Overview
Summary
This invention proposes a method for using NMR relaxation rates to determine whether capsid preparations contain empty or full viral capsids and to quantify the capsid content of the preparation.
Market
The method developed by UMB researchers utilizes nuclear magnetic resonance (NMR) relaxation rates to evaluate the quality of capsid preparations. The market for capsid evaluation is driven by the increasing demand for safe and effective vaccines, gene therapies, and drug delivery systems.
The current methods for capsid evaluation, such as electron microscopy and gel electrophoresis, require sample destruction or labeling, making them time-consuming and costly. In contrast, this patented method provides a non-destructive, real-time, and quantitative evaluation of capsid preparations. This method offers increased efficiency and reduced costs in vaccine development, gene therapy, and drug delivery.
The global market for vaccines is projected to reach $93.2 billion by 2026, growing at a compound annual growth rate of 6.5% from 2020 to 2026. The increasing prevalence of infectious diseases, coupled with the growing focus on immunization programs, is driving the growth of the vaccine market.
In addition to the vaccine market, the gene therapy market is expected to grow significantly in the coming years. The global gene therapy market size is projected to reach $35.67 billion by 2028, growing at a compound annual growth rate of 30.6% from 2021 to 2028.
Technology
The method developed by UMB researchers utilizing nuclear magnetic resonance (NMR) relaxation rates presents a promising approach for the evaluation of the quality of capsid preparations. Capsids are protein shells that encapsulate and protect genetic material and are essential components in the delivery of vaccines and gene therapies.
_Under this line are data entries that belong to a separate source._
lemma nths_subseq_nths: "A \<subseteq> B \<Longrightarrow> subseq (nths xs A) (nths xs B)"
proof (induction xs arbitrary: A B)
  case (Cons x xs)
  then have "subseq (nths xs {j. Suc j \<in> A}) (nths xs {j. Suc j \<in> B})"
    by (metis (mono_tags, lifting) Collect_mono subsetD)
  with Cons.prems show ?case
    by (auto simp: nths_Cons)
qed simp

lemma lev_ball_common_positions:
  assumes "c \<in> lev_ball v t t"
  obtains S where "S \<subseteq> {..<length v}" "subseq (nths v S) c"
    "length c \<le> card S + t" "length v \<le> card S + t"
proof -
  from assms obtain i j where ij: "i \<le> t" "j \<le> t" "obt v i j c"
    unfolding lev_ball_def by blast
  then obtain x where x: "subseq x v" "subseq x c" "length v \<le> length x + j"
      "length c + j = length v + i"
    using obt_common_subseq by blast
  from \<open>subseq x v\<close> obtain S where "S \<subseteq> {..<length v}" "x = nths v S" "card S = length x"
    by (rule subseq_nths_positions)
  with that x ij show thesis
    by simp
qed

lemma card_common_positions_le:
  assumes "A \<subseteq> {..<length v}" "subseq (nths v A) a" "subseq (nths v B) b"
  shows "2 * card (A \<inter> B) + lev_dist a b \<le> length a + length b"
proof -
  define z where "z = nths v (A \<inter> B)"
  have "subseq z a" "subseq z b"
    using assms nths_subseq_nths[of "A \<inter> B"] subseq_order.trans unfolding z_def by blast+
  moreover have "length z = card (A \<inter> B)"
    using assms(1) unfolding z_def length_nths by (intro arg_cong[where f=card]) auto
  moreover have "length z \<le> length a" "length z \<le> length b"
    using calculation(1,2) by (simp_all add: list_emb_length)
  ultimately show ?thesis
    using lev_dist_le_common_subseq[of z a b] by linarith
qed

section \<open>Minimum distance of a code\<close>

lemma finite_lev_dists:
  assumes "finite C"
  shows "finite {lev_dist c1 c2 | c1 c2. c1 \<in> C \<and> c2 \<in> C \<and> c1 \<noteq> c2}"
proof (rule finite_subset)
  show "finite ((\<lambda>(c1, c2). lev_dist c1 c2) ` (C \<times> C))"
    using assms by simp
qed auto

lemma min_lev_dist_le:
  "finite C \<Longrightarrow> a \<in> C \<Longrightarrow> b \<in> C \<Longrightarrow> a \<noteq> b \<Longrightarrow> min_lev_dist C \<le> lev_dist a b"
  unfolding min_lev_dist_def by (rule Min_le[OF finite_lev_dists]) auto

lemma min_lev_dist_attained:
  assumes "2 \<le> card C"
  obtains a b where "a \<in> C" "b \<in> C" "min_lev_dist C = lev_dist a b"
proof -
  have "finite C"
    using assms by (metis card.infinite not_numeral_le_zero)
  moreover have "\<not> card C \<le> Suc 0"
    using assms by simp
  ultimately obtain a b where "a \<in> C" "b \<in> C" "a \<noteq> b"
    using card_le_Suc0_iff_eq by blast
  with \<open>finite C\<close> have "min_lev_dist C \<in> {lev_dist c1 c2 | c1 c2. c1 \<in> C \<and> c2 \<in> C \<and> c1 \<noteq> c2}"
    unfolding min_lev_dist_def by (intro Min_in finite_lev_dists) auto
  with that show thesis
    by blast
qed

lemma even_min_lev_dist:
  "\<forall>c\<in>C. length c = n \<Longrightarrow> 2 \<le> card C \<Longrightarrow> even (min_lev_dist C)"
  by (metis even_lev_dist min_lev_dist_attained)

lemma min_lev_dist_le_double_length:
  "\<forall>c\<in>C. length c = n \<Longrightarrow> 2 \<le> card C \<Longrightarrow> min_lev_dist C \<le> 2 * n"
  by (metis lev_dist_le_length_add min_lev_dist_attained mult_2)

section \<open>A Johnson-type counting bound\<close>

lemma sum_of_bool_mem_eq_card:
  "finite U \<Longrightarrow> A \<subseteq> U \<Longrightarrow> (\<Sum>x\<in>U. of_bool (x \<in> A)) = (of_nat (card A) :: 'a::semiring_1)"
  using sum_of_bool_eq[of U "\<lambda>x. x \<in> A"] by (simp add: Int_absorb1)

lemma sum_degrees_eq:
  assumes "finite U" "\<And>c. c \<in> L \<Longrightarrow> S c \<subseteq> U"
  shows "(\<Sum>x\<in>U. \<Sum>c\<in>L. of_bool (x \<in> S c)) = (\<Sum>c\<in>L. (of_nat (card (S c)) :: 'a::semiring_1))"
  using assms by (subst sum.swap) (intro sum.cong[OF HOL.refl] sum_of_bool_mem_eq_card)

lemma sum_degrees_squared_eq:
  assumes "finite U" "\<And>c. c \<in> L \<Longrightarrow> S c \<subseteq> U"
  shows "(\<Sum>x\<in>U. (\<Sum>c\<in>L. of_bool (x \<in> S c))\<^sup>2)
    = (\<Sum>a\<in>L. \<Sum>b\<in>L. (of_nat (card (S a \<inter> S b)) :: 'a::comm_semiring_1))"
proof -
  have "(\<Sum>x\<in>U. (\<Sum>c\<in>L. of_bool (x \<in> S c))\<^sup>2)
      = (\<Sum>x\<in>U. \<Sum>a\<in>L. \<Sum>b\<in>L. (of_bool (x \<in> S a \<inter> S b) :: 'a))"
    by (simp add: power2_eq_square sum_product of_bool_conj)
  also have "\<dots> = (\<Sum>a\<in>L. \<Sum>b\<in>L. \<Sum>x\<in>U. of_bool (x \<in> S a \<inter> S b))"
    by (simp add: sum.swap[of _ U])
  also have "\<dots> = (\<Sum>a\<in>L. \<Sum>b\<in>L. of_nat (card (S a \<inter> S b)))"
    using assms by (intro sum.cong HOL.refl sum_of_bool_mem_eq_card) auto
  finally show ?thesis .
qed

lemma sum_card_inter_le:
  fixes \<mu> :: real
  assumes "finite L" "\<And>a b. a \<in> L \<Longrightarrow> b \<in> L \<Longrightarrow> a \<noteq> b \<Longrightarrow> card (S a \<inter> S b) \<le> \<mu>"
  shows "(\<Sum>a\<in>L. \<Sum>b\<in>L. real (card (S a \<inter> S b)))
    \<le> (\<Sum>a\<in>L. real (card (S a))) + real (card L) * (real (card L) - 1) * \<mu>"
proof -
  have "(\<Sum>b\<in>L. real (card (S a \<inter> S b))) \<le> card (S a) + (real (card L) - 1) * \<mu>" if "a \<in> L" for a
  proof -
    have "(\<Sum>b\<in>L - {a}. real (card (S a \<inter> S b))) \<le> card (L - {a}) * \<mu>"
      using assms(2) that by (intro sum_bounded_above) auto
    moreover have "real (card (L - {a})) = real (card L) - 1"
      by (simp flip: card_Suc_Diff1[OF assms(1) that])
    moreover have "(\<Sum>b\<in>L. real (card (S a \<inter> S b)))
        = card (S a) + (\<Sum>b\<in>L - {a}. real (card (S a \<inter> S b)))"
      using sum.remove[OF assms(1) that, of "\<lambda>b. real (card (S a \<inter> S b))"] by simp
    ultimately show ?thesis
      by (metis add_left_mono)
  qed
  then have "(\<Sum>a\<in>L. \<Sum>b\<in>L. real (card (S a \<inter> S b))) \<le> (\<Sum>a\<in>L. card (S a) + (real (card L) - 1) * \<mu>)"
    by (rule sum_mono)
  then show ?thesis
    by (simp add: sum.distrib)
qed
The patented method utilizes NMR relaxation rates, R1 and R2, with a preference for R2(1H2O) of water, to distinguish between empty and full viral capsids and quantify the capsid content in each preparation. Specifically, the method involves measuring the transverse relaxation rate of solvent R2,m in the capsid preparation and comparing it to reference transverse relaxation rates of solvent R2,r for full and empty viral capsids. The comparison of the R2,m value to the reference R2,r values allow for the identification of empty and full viral capsids and the quantification of the capsid content in the preparation. This approach provides a rapid, non-invasive, and quantitative way of evaluating the quality of capsid preparations.
In addition to its applications in quantifying capsid content and identifying empty and full viral capsids, the NMR relaxation rate method can determine if a capsid preparation has undergone stress such as temperature excursions, freeze/thaw cycles, light exposure, or agitation. The comparison of the measured R2,m to the reference R2,r values representing an acceptable range for the capsid preparation can indicate whether the preparation has experienced substantial stress and acceptable for use.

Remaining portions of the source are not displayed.